Defendant is charged with unsworn falsification, 11 F.S.M.C. 524. That statute would have been violated if Defendant, “with purpose to mislead a public servant in his or her official function . . . submit[ted] or invite[d] reliance” on the fake record, a forged document. Defendant is also charged with tampering, 11 F.S.M.C. 529, which would have been violated if Defendant made, presented, or used the fake vaccination record, a false document, “knowing it to be false, and with the purpose that it be taken as a genuine part of information or records . . . received or kept by a public servant, or belonging to the Government of the Federated States of Micronesia to be kept by anyone for information of the Government.”


Defendant claims that he did not create the record for any other purpose than to show Captain Skilling that a fake record could be made, and, thus, he lacked the requisite purpose under § 524 or § 529.


As Defendant, “with a smirk,” effectively told Captain Skilling the record was fake, which was corroborated by Captain Skilling’s testimony, the Court finds that Defendant’s presentation of the fake record to Captain Skilling is itself not a basis for a violation of either § 524 or § 529, as it was done without the purpose as required by those statutes.


A possible issue is whether Defendant, after his discussion with Captain Skilling, rather than simply leaving the fake record on Captain Skilling’s desk, actually took it with him and inserted it in the folder at a later date in the hope that it would escape Captain Skilling’s attention and be relied upon by others. Defendant testified he left it on the desk. Captain Skilling, while testifying that he did not see Defendant put the fake record in the file, when asked on cross-examination whether Defendant might have left the record on the desk, said he did not know.

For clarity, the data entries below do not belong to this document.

lemma unconverged_neg_count_one:
  assumes "r < n" "2 \<le> n" "0 \<le> a" "a \<le> 1"
  shows "unconverged_neg_count a b n r 1 = (real n - 1) * a"
proof -
  have "\<not> converged n (init_state r)"
  proof -
    have "(if r = 0 then 1 else 0) < n" using assms(1,2) by auto
    then show ?thesis by (auto simp: converged_def init_state_def split: if_splits)
  qed
  then have "unconverged_neg_count a b n r 1
      = measure_pmf.expectation (step a b n r (init_state r)) (neg_count n)"
    unfolding unconverged_neg_count_def One_nat_def proc.simps by (simp add: bind_return_pmf)
  also have "\<dots> = (\<Sum>v\<in>{..<n} - {r}. a)"
    unfolding expectation_neg_count_step[OF assms(1)]
  proof (rule sum.cong[OF refl])
    fix v assume "v \<in> {..<n} - {r}"
    then have "nbrs n (init_state r) v = {r}"
      using assms(1) by (auto simp: nbrs_def init_state_def)
    with \<open>v \<in> {..<n} - {r}\<close> show "pmf (vupdate a b n (init_state r) v) Neg = a"
      using assms(3,4) by (intro pmf_vupdate_Neg_first_contact) (auto simp: init_state_def)
  qed
  also have "\<dots> = (real n - 1) * a"
    using assms(1) by simp
  finally show ?thesis .
qed

lemma unconverged_neg_count_Suc:
  assumes "r < n" "2 \<le> n" "0 \<le> b" "b \<le> 1" "0 < t"
  shows "unconverged_neg_count a b n r (Suc t)
       = (1 - b / (real n - 1)) * unconverged_neg_count a b n r t"
proof -
  let ?F = "\<lambda>(f, h). if h then 0 else neg_count n f"
  let ?K = "\<lambda>(f, h). map_pmf (\<lambda>g. (g, h \<or> converged n f)) (step a b n r f)"
  let ?c = "1 - b / (real n - 1)"
  have F_bound: "\<bar>?F x\<bar> \<le> n" for x
    using neg_count_bounds[of n "fst x"] by (auto split: prod.split)
  have "unconverged_neg_count a b n r (Suc t)
      = measure_pmf.expectation (proc a b n r t) (\<lambda>x. measure_pmf.expectation (?K x) ?F)"
    unfolding unconverged_neg_count_def proc.simps by (rule expectation_bind_pmf[OF F_bound])
  also have "\<dots> = measure_pmf.expectation (proc a b n r t) (\<lambda>x. ?c * ?F x)"
  proof (rule integral_cong_AE)
    show "AE x in measure_pmf (proc a b n r t). measure_pmf.expectation (?K x) ?F = ?c * ?F x"
    proof (rule AE_pmfI)
      fix x assume x: "x \<in> set_pmf (proc a b n r t)"
      obtain f h where x_eq: "x = (f, h)" by (cases x)
      have "f r = Pos" "\<forall>v<n. f v \<noteq> Bot"
        using proc_labelled[OF assms(1)] assms(5) x unfolding x_eq by auto
      moreover have "converged n f \<Longrightarrow> neg_count n f = 0"
        by (simp add: converged_def neg_count_def)
      ultimately show "measure_pmf.expectation (?K x) ?F = ?c * ?F x"
        using expectation_neg_count_step_labelled[OF assms(1,2) _ _ assms(3,4), of f a]
        unfolding x_eq by (cases h; cases "converged n f") auto
    qed
  qed simp_all
  finally show ?thesis by (simp add: unconverged_neg_count_def)
qed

Moreover, the theory that Defendant retained the fake record waiting for an opportunity to put it back in the folder when Captain Skilling wasn’t looking is a less likely scenario for explaining the presence of the fake record in the folder when Ms. Nakanaga later picked it up than the possibility that the fake record had previously been inadvertently picked up by Captain Skilling and placed in the file after Defendant had left it on the desk.


The burden of proof is on the Government to prove beyond a reasonable doubt each element of the crimes as set forth in § 524 or § 529, each of which, as detailed above, includes an element of purpose.


Unsubstantiated speculation does not raise a reasonable doubt. Alaphonso v. FSM, 1 FSM R. 209, 225-27 (App. 1982). I find that there is a reasonable doubt as to whether Defendant snuck the fake document into the file without Captain Skilling knowing it, as opposed to Captain Skilling inadvertently putting it there himself.


Given the foregoing, especially Defendant’s transparent intent, expressed to and corroborated by his supervisor Captain Skilling, that he wanted to prove a point to him, not to generate a false or forged record to be officially relied upon, I find that there is a reasonable doubt as to whether Defendant violated § 524 or § 529 and find him not guilty of Counts I and II.


With regard to the counts alleging attempted violations of § 524 or § 529, Counts III and IV, an attempt is a specific intent crime, and the act constituting the attempt must be done with the intent to commit the particular crime. FSM v. Mumma, 21 FSM R. 387, 400-01 (Kos. 2017). Insofar, as with violations of § 524 and § 529, the requisite intent includes a purpose, the proof of such purpose is also required to show an attempt of such crimes. As there is no proof of such purpose, I find Defendant not guilty as well of Counts III and IV.


This Court is not tasked with determining in this criminal proceeding whether Defendant behaved appropriately in all respects as a sworn officer of the FSM National Police. This Court, in this proceeding, other than making a determination of whether or not the Defendant is guilty of the crimes charged, makes no comment as to the appropriateness of Defendant’s conduct in any other respect.


For the reasons above, it is adjudged that Defendant Henly is not guilty of Counts I, II, III and IV, and he is therefore acquitted.